Synchronization is influenced by “theta waves,” which are associated with relaxation, daydreaming and drowsiness, but also with learning and memory formation. While it has long been understood that a relaxed mind is one that is ready to receive new information, this study pinpoints a mechanism by which this state of mind allows neurons to work together to improve memory retention. Further exploration of these events could have implications for developing new therapies to treat learning disabilities and some types of dementia, according to the authors.

Brain waves oscillate, with rhythmic highs and lows, and can be measured with electroencephalograms, which use electrodes to record electrical activity. One measure of waves is the frequency of peaks per second, but two waves of the same frequency may not be locked in “phase.” Like the sound waves of two musical instruments that are slightly out of tune, two out-of-phase brain waves of the same frequency would be similar but slightly out of sync.

“Theta oscillations are known to be involved in memory formation, and previous studies have identified correlations between memory strength and the activity of certain neurons, but the relationships between these events have not been understood. Our research shows that when memory-related neurons are well coordinated to theta waves during the learning process, memories are stronger,” said Adam N. Mamelak, M.D., a neurosurgeon at Cedars-Sinai Medical Center whose areas of expertise include treatment of seizure disorders. Mamelak is one of the article’s senior authors, with Erin M. Schuman, Ph.D., professor of biology at the California Institute of Technology.

“We have yet to discover all factors that influence theta oscillations and the coordination of spike timing, but this study establishes a direct relationship between events at the circuit level of the brain – individual neuron spike timing relative to the local brain wave environment – and their effects on human behavior,” said Ueli Rutishauser, Ph.D., a postdoctoral scholar at the California Institute of Technology, and the article’s first author.

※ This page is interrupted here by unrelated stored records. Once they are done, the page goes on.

lemma has_cycle_iff_closed_vertex_set:
  assumes "simple_graph n q e" "nonzero_monomial n q e f"
  shows "has_cycle (e ` content n f) \<longleftrightarrow> (\<exists>D. closed_vertex_set n e f D)"
proof
  assume "has_cycle (e ` content n f)"
  then obtain D where "closed_vertex_set n e f D" by (rule cycle_closed_vertex_set[OF assms(2)])
  then show "\<exists>D. closed_vertex_set n e f D" ..
next
  assume "\<exists>D. closed_vertex_set n e f D"
  then obtain D where "closed_vertex_set n e f D" ..
  then show "has_cycle (e ` content n f)" by (rule closed_vertex_set_has_cycle[OF assms])
qed

lemma connected_if_no_closed_vertex_set:
  assumes "simple_graph n q e" "nonzero_monomial n q e f" "n \<ge> 1"
    and "\<nexists>D. closed_vertex_set n e f D"
  shows "connected_on n (e ` content n f)"
proof -
  have "(adj (e ` content n f))\<^sup>*\<^sup>* v n" if "v \<in> {1..n}" for v
    using unreachable_closed_vertex_set[OF assms(1,2) that] assms(4) by blast
  then show ?thesis using connected_on_iff_rooted[of n n] assms(3) by simp
qed

lemma uniquely_occurring_iff_spanning_tree:
  assumes "n \<ge> 1" "simple_graph n q e" "nonzero_monomial n q e f"
  shows "uniquely_occurring n q e f \<longleftrightarrow> spanning_tree n q e (e ` content n f)"
proof -
  have "e ` content n f \<subseteq> e ` {1..q}" using content_subset[OF assms(3)] by (rule image_mono)
  then show ?thesis
    unfolding spanning_tree_def uniquely_occurring_iff_no_closed_vertex_set[OF assms(2,3)]
      has_cycle_iff_closed_vertex_set[OF assms(2,3)]
    using connected_if_no_closed_vertex_set[OF assms(2,3,1)] by blast
qed

lemma insert_edge_has_cycle:
  assumes sg: "simple_graph n q e" and f: "nonzero_monomial n q e f"
    and conn: "connected_on n (e ` content n f)" and j: "j \<in> {1..q}" "j \<notin> content n f"
  shows "has_cycle (e ` insert j (content n f))"
proof -
  have ej: "card (e j) = 2" "e j \<subseteq> {1..n}" using sg j(1) by (auto simp: simple_graph_def)
  then obtain a where a: "a \<in> e j" by (metis card.empty ex_in_conv zero_neq_numeral)
  then have "a \<in> {1..n}" using ej by blast
  then have "\<forall>v\<in>{1..n}. (adj (e ` content n f))\<^sup>*\<^sup>* v a"
    using conn connected_on_iff_rooted by blast
  then obtain g where g: "inj_on g ({1..n} - {a})" "g ` ({1..n} - {a}) \<subseteq> content n f"
    "\<forall>v\<in>{1..n} - {a}. v \<in> e (g v)"
    by (rule orientation_towards_root)
  define h where "h v = (if v = a then j else g v)" for v
  have h_into: "h ` {1..n} \<subseteq> insert j (content n f)" using g(2) by (auto simp: h_def)
  then have h_edge: "h v \<in> {1..q}" if "v \<in> {1..n}" for v
    using that content_subset[OF f] j(1) by blast
  have g_in: "g v \<in> content n f" if "v \<in> {1..n}" "v \<noteq> a" for v
    using g(2) that by blast
  have "inj_on h {1..n}"
  proof (rule inj_onI)
    fix v w assume "v \<in> {1..n}" "w \<in> {1..n}" "h v = h w"
    then show "v = w"
      by (cases "v = a"; cases "w = a") (use g_in j(2) inj_onD[OF g(1)] in \<open>auto simp: h_def\<close>)
  qed
  moreover have "inj_on e (h ` {1..n})"
  proof (rule inj_on_subset)
    show "inj_on e {1..q}" using sg by (simp add: simple_graph_def)
    show "h ` {1..n} \<subseteq> {1..q}" using h_edge by blast
  qed
  ultimately have inj: "inj_on (e \<circ> h) {1..n}" by (rule comp_inj_on)
  have edge: "v \<in> e (h v) \<and> card (e (h v)) = 2 \<and> e (h v) \<subseteq> {1..n}" if "v \<in> {1..n}" for v
  proof -
    have "v \<in> e (h v)" using g(3) a that by (simp add: h_def)
    moreover have "card (e (h v)) = 2 \<and> e (h v) \<subseteq> {1..n}"
      using h_edge[OF that] sg unfolding simple_graph_def by blast
    ultimately show ?thesis by blast
  qed
  have "has_cycle ((e \<circ> h) ` {1..n})"
  proof (rule injective_edge_choice_has_cycle[OF _ _ inj])
    show "finite {1..n}" "{1..n} \<noteq> {}" using \<open>a \<in> {1..n}\<close> by auto
  qed (use edge in simp)
  moreover have "(e \<circ> h) ` {1..n} \<subseteq> e ` insert j (content n f)"
    using h_into by (auto simp: image_comp[symmetric])
  ultimately show ?thesis using has_cycle_mono by blast
qed

lemma spanning_tree_is_content:
  assumes "n \<ge> 1" and sg: "simple_graph n q e" and "spanning_tree n q e T"
  obtains f where "nonzero_monomial n q e f" "e ` content n f = T"
proof -
  define S where "S = {j \<in> {1..q}. e j \<in> T}"
  have T: "T \<subseteq> e ` {1..q}" "connected_on n T" "\<not> has_cycle T"
    using assms(3) by (auto simp: spanning_tree_def)
  have eS: "e ` S = T" using T(1) by (auto simp: S_def)
  have "S \<subseteq> {1..q}" by (auto simp: S_def)
  moreover have "\<forall>v\<in>{1..n}. (adj (e ` S))\<^sup>*\<^sup>* v n"
    using T(2) eS connected_on_iff_rooted[of n n] assms(1) by simp
  ultimately obtain f where f: "nonzero_monomial n q e f" "content n f \<subseteq> S"
    by (rule nonzero_monomial_exists)
  have sub: "e ` content n f \<subseteq> T" using f(2) eS by auto
  then have "\<not> has_cycle (e ` content n f)" using T(3) has_cycle_mono by blast
  then have conn: "connected_on n (e ` content n f)"
    using connected_if_no_closed_vertex_set has_cycle_iff_closed_vertex_set sg f(1) assms(1) by blast
  have "T \<subseteq> e ` content n f"
  proof
    fix t assume "t \<in> T"
    then obtain j where j: "j \<in> S" "e j = t" using eS by blast
    show "t \<in> e ` content n f"
    proof (rule ccontr)
      assume "t \<notin> e ` content n f"
      then have "has_cycle (e ` insert j (content n f))"
        using insert_edge_has_cycle[OF sg f(1) conn] j by (auto simp: S_def)
      moreover have "e ` insert j (content n f) \<subseteq> T" using sub j eS by auto
      ultimately show False using T(3) has_cycle_mono by blast
    qed
  qed
  then show thesis using that f(1) sub by blast
qed

lemma spanning_tree_iff_unique_monomial:
  assumes "n \<ge> 1" "simple_graph n q e" "S \<subseteq> {1..q}" "card S = n - 1"
  shows "spanning_tree n q e (e ` S) \<longleftrightarrow> (\<exists>!f. nonzero_monomial n q e f \<and> content n f = S)"
proof
  assume tree: "spanning_tree n q e (e ` S)"
  then obtain f where f: "nonzero_monomial n q e f" "content n f \<subseteq> S"
    using nonzero_monomial_exists[OF assms(3)] connected_on_iff_rooted[of n n] assms(1)
    unfolding spanning_tree_def by auto
  moreover have "finite S" using assms(3) finite_subset by blast
  ultimately have "content n f = S" using card_content card_subset_eq assms(4) by metis
  moreover have "uniquely_occurring n q e f"
    using uniquely_occurring_iff_spanning_tree[OF assms(1,2) f(1)] tree \<open>content n f = S\<close> by simp
  ultimately show "\<exists>!f. nonzero_monomial n q e f \<and> content n f = S"
    unfolding uniquely_occurring_def by blast
next
  assume "\<exists>!f. nonzero_monomial n q e f \<and> content n f = S"
  then obtain f where "uniquely_occurring n q e f" "content n f = S"
    unfolding uniquely_occurring_def by blast
  then show "spanning_tree n q e (e ` S)"
    using uniquely_occurring_iff_spanning_tree[OF assms(1,2)] uniquely_occurring_def by blast
qed

lemma bij_betw_uniquely_occurring_contents_spanning_trees:
  assumes "n \<ge> 1" "simple_graph n q e"
  shows "bij_betw (\<lambda>S. e ` S) {content n f | f. uniquely_occurring n q e f}
           {T. spanning_tree n q e T}"
  unfolding bij_betw_def
proof
  have "{content n f | f. uniquely_occurring n q e f} \<subseteq> Pow {1..q}"
    using content_subset unfolding uniquely_occurring_def by blast
  moreover have "inj_on e {1..q}" using assms(2) by (simp add: simple_graph_def)
  then have "inj_on (\<lambda>S. e ` S) (Pow {1..q})" by (simp add: inj_on_def inj_on_image_eq_iff)
  ultimately show "inj_on (\<lambda>S. e ` S) {content n f | f. uniquely_occurring n q e f}"
    by (rule inj_on_subset[rotated])
  show "(\<lambda>S. e ` S) ` {content n f | f. uniquely_occurring n q e f} = {T. spanning_tree n q e T}"
  proof (intro equalityI subsetI)
    fix T assume "T \<in> (\<lambda>S. e ` S) ` {content n f | f. uniquely_occurring n q e f}"
    then obtain f where "uniquely_occurring n q e f" "T = e ` content n f" by blast
    then show "T \<in> {T. spanning_tree n q e T}"
      using uniquely_occurring_iff_spanning_tree[OF assms] uniquely_occurring_def by blast
  next
    fix T assume "T \<in> {T. spanning_tree n q e T}"
    then have tree: "spanning_tree n q e T" by simp
    then obtain f where f: "nonzero_monomial n q e f" "e ` content n f = T"
      using spanning_tree_is_content[OF assms] by blast
    then have "uniquely_occurring n q e f"
      using uniquely_occurring_iff_spanning_tree[OF assms f(1)] tree by simp
    then show "T \<in> (\<lambda>S. e ` S) ` {content n f | f. uniquely_occurring n q e f}" using f(2) by blast
  qed
qed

He noted that the study also found that while the predictability of memory strength was determined by spike timing relative to theta oscillations, it was not influenced by other related factors, such as the neuron firing rate or the amplitude of the theta oscillations.

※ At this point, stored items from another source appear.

(* A ~1 B iff A = B P for a k x k permutation matrix P, i.e. the columns of A are
   the columns of B permuted *)
definition sim1 :: "nat \<Rightarrow> bmat \<Rightarrow> bmat \<Rightarrow> bool" where
  "sim1 k A B \<longleftrightarrow> (\<exists>\<sigma>. \<sigma> permutes {..<k} \<and> (\<forall>i<k. \<forall>j<k. A i j = B i (\<sigma> j)))"

definition hconcat :: "nat \<Rightarrow> bmat \<Rightarrow> bmat \<Rightarrow> bmat" where
  "hconcat m G B = (\<lambda>i j. if j < m then G i j else B i (j - m))"

end

theory Submission
  imports Defs "HOL-Library.Z2"
begin

text \<open>A generator matrix of a \<open>t\<close>-CIS \<open>[tk,k]\<close> code can be permuted so that its last \<open>k\<close>
  columns form one of the information sets. Its first \<open>(t-1)k\<close> columns then generate a
  \<open>(t-1)\<close>-CIS code, equivalent to the code of some \<open>G \<in> S\<close>, and its last block is an invertible
  matrix \<open>X\<close>. Replacing the left block by \<open>G\<close> is a change of basis of the code that only turns \<open>X\<close>
  into another invertible matrix, and permuting the last \<open>k\<close> coordinates replaces that matrix by
  its \<open>\<sim>\<^sub>1\<close>-representative in \<open>R\<close>. Conversely \<open>(G | B)\<close> with \<open>B\<close> invertible is \<open>t\<close>-CIS, the last
  block being the additional information set.\<close>

section \<open>Linear algebra over GF(2)\<close>

\<comment> \<open>Keep sums in \<open>bit\<close> in ring form instead of unfolding them to xor and and.\<close>
declare add_bit_eq_xor[simp del] mult_bit_eq_and[simp del] sum_of_bool_eq[simp del]

\<comment> \<open>GF(2)-linear combinations are sums of truth values in the field \<open>bit\<close>.\<close>
abbreviation bit_of :: "bool \<Rightarrow> bit" where
  "bit_of \<equiv> of_bool"

lemma of_nat_bit_eq_odd: "(of_nat n :: bit) = bit_of (odd n)"
  by (induct n) (auto simp: add.commute)

lemma bit_of_odd_card_eq_sum:
  assumes "finite A"
  shows "bit_of (odd (card {x\<in>A. P x})) = (\<Sum>x\<in>A. bit_of (P x))"
proof -
  have "card {x\<in>A. P x} = (\<Sum>x\<in>A. of_bool (P x) :: nat)"
    using assms by (simp add: sum_of_bool_eq Int_def conj_commute)
  then show ?thesis
    by (simp add: of_nat_bit_eq_odd[symmetric] of_nat_sum del: sum_of_bool_eq)
qed

lemma even_card_iff_sum_eq_0:
  "finite A \<Longrightarrow> even (card {x\<in>A. P x}) \<longleftrightarrow> (\<Sum>x\<in>A. bit_of (P x)) = 0"
  using bit_of_odd_card_eq_sum[of A P] by (cases "odd (card {x\<in>A. P x})") auto

lemma bit_add_self [simp]: "(x::bit) + x = 0"
  by (simp add: add_bit_eq_xor)

lemma bit_eq_iff_eq_one: "(x::bit) = y \<longleftrightarrow> (x = 1 \<longleftrightarrow> y = 1)"
  by (cases x; cases y) simp_all

lemma sum_bit_symmetric_difference:
  fixes g :: "'a \<Rightarrow> bit"
  assumes "finite A" "finite B"
  shows "(\<Sum>x\<in>(A - B) \<union> (B - A). g x) = sum g A + sum g B"
proof -
  have "sum g A = sum g (A \<inter> B) + sum g (A - B)" "sum g B = sum g (A \<inter> B) + sum g (B - A)"
    using assms sum.Int_Diff[of A g B] sum.Int_Diff[of B g A] by (simp_all add: Int_commute)
  moreover have "(\<Sum>x\<in>(A - B) \<union> (B - A). g x) = sum g (A - B) + sum g (B - A)"
    using assms by (intro sum.union_disjoint) auto
  ultimately show ?thesis
    by (simp add: ac_simps)
qed

definition lin_indep_cols :: "('a \<Rightarrow> 'b \<Rightarrow> bool) \<Rightarrow> 'a set \<Rightarrow> 'b set \<Rightarrow> bool" where
  "lin_indep_cols M A B \<longleftrightarrow> (\<forall>J\<subseteq>B. (\<forall>i\<in>A. (\<Sum>j\<in>J. bit_of (M i j)) = 0) \<longrightarrow> J = {})"

lemma lin_indep_colsD:
  assumes "lin_indep_cols M A B" "J \<subseteq> B" "\<And>i. i \<in> A \<Longrightarrow> (\<Sum>j\<in>J. bit_of (M i j)) = 0"
  shows "J = {}"
  using assms unfolding lin_indep_cols_def by blast

text \<open>For a square matrix, injectivity of \<open>J \<mapsto> \<Sum>j\<in>J. column j\<close> on subsets gives
  surjectivity onto all vectors, since both sides have the same number of elements.\<close>

lemma lin_indep_cols_imp_span:
  fixes M :: "'a \<Rightarrow> 'b \<Rightarrow> bool"
  assumes "finite A" "finite B" "card A = card B" and indep: "lin_indep_cols M A B"
    and "T \<subseteq> A"
  shows "\<exists>J\<subseteq>B. \<forall>i\<in>A. (\<Sum>j\<in>J. bit_of (M i j)) = bit_of (i \<in> T)"
proof -
  define support where "support J = {i\<in>A. (\<Sum>j\<in>J. bit_of (M i j)) = 1}" for J
  have "inj_on support (Pow B)"
  proof (rule inj_onI)
    fix J1 J2 assume J: "J1 \<in> Pow B" "J2 \<in> Pow B" and eq: "support J1 = support J2"
    have fin: "finite J1" "finite J2"
      using J \<open>finite B\<close> by (auto intro: finite_subset)
    have "(\<Sum>j\<in>J1. bit_of (M i j)) = (\<Sum>j\<in>J2. bit_of (M i j))" if "i \<in> A" for i
      using eq that unfolding support_def set_eq_iff by (intro bit_eq_iff_eq_one[THEN iffD2]) blast
    then have "\<forall>i\<in>A. (\<Sum>j\<in>(J1 - J2) \<union> (J2 - J1). bit_of (M i j)) = 0"
      by (simp add: sum_bit_symmetric_difference[OF fin])
    moreover have "(J1 - J2) \<union> (J2 - J1) \<subseteq> B"
      using J by auto
    ultimately have "(J1 - J2) \<union> (J2 - J1) = {}"
      by (intro lin_indep_colsD[OF indep]) auto
    then show "J1 = J2" by blast
  qed
  then have "card (support ` Pow B) = card (Pow A)"
    using assms by (simp add: card_image card_Pow)
  moreover have "support ` Pow B \<subseteq> Pow A"
    unfolding support_def by auto
  ultimately have "support ` Pow B = Pow A"
    using \<open>finite A\<close> by (intro card_subset_eq) auto
  then obtain J where "J \<subseteq> B" "support J = T"
    using \<open>T \<subseteq> A\<close> by (metis Pow_iff imageE)
  moreover have "(\<Sum>j\<in>J. bit_of (M i j)) = bit_of (i \<in> T)" if "i \<in> A" "support J = T" for i
    using that unfolding support_def by (cases "\<Sum>j\<in>J. bit_of (M i j)") auto
  ultimately show ?thesis by blast
qed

Subjects in the study were presented with novel stimuli that they had not previously seen. These were in the form of 100 photographs of a wide range of objects, each viewed for one second. Fifteen to 30 minutes later, they were shown a set of 100 photos, 50 that were new and 50 that had been in the first set. They were asked to recall which ones they had seen before and to estimate how confident they were in their answers.

While these activities were in progress, the researchers recorded the activity of single neurons – 296 in all – and the “background” local electrical signals in regions of the brain where memories are encoded (the hippocampus and the amygdala). According to the results, image recognition was stronger when learning occurred while neuronal spikes were in sync with local theta waves. Most studies of theta waves have been conducted in rats, with only a few studies in humans, in part because EEG electrodes need to be placed directly on the brain’s surface for highly precise measurements. This study was conducted with eight volunteers who suffer from epilepsy and were undergoing intracranial EEGs. These are often used to pinpoint the source of epileptic seizure activity. The authors note that steps were taken to ensure that the patients’ underlying medical condition did not affect the outcome of the study.

Brain wave frequency is measured per second and quantified in hertz (Hz). A wave that cycles 10 times per second is considered a 10 Hz wave. Most brain waves recorded in humans range up to about 40 Hz, although they also go much higher. Theta waves oscillate toward the lower end of the scale, in about the four Hz to seven Hz range.

Neurosurgeon Ian B. Ross, M.D., and the Huntington Memorial Hospital Epilepsy & Brain Mapping Unit also participated in this study.

Funding for the study was provided by the Gordon and Betty Moore Foundation, the William T. Gimbel Discovery Fund, and the Howard Hughes Medical Institute.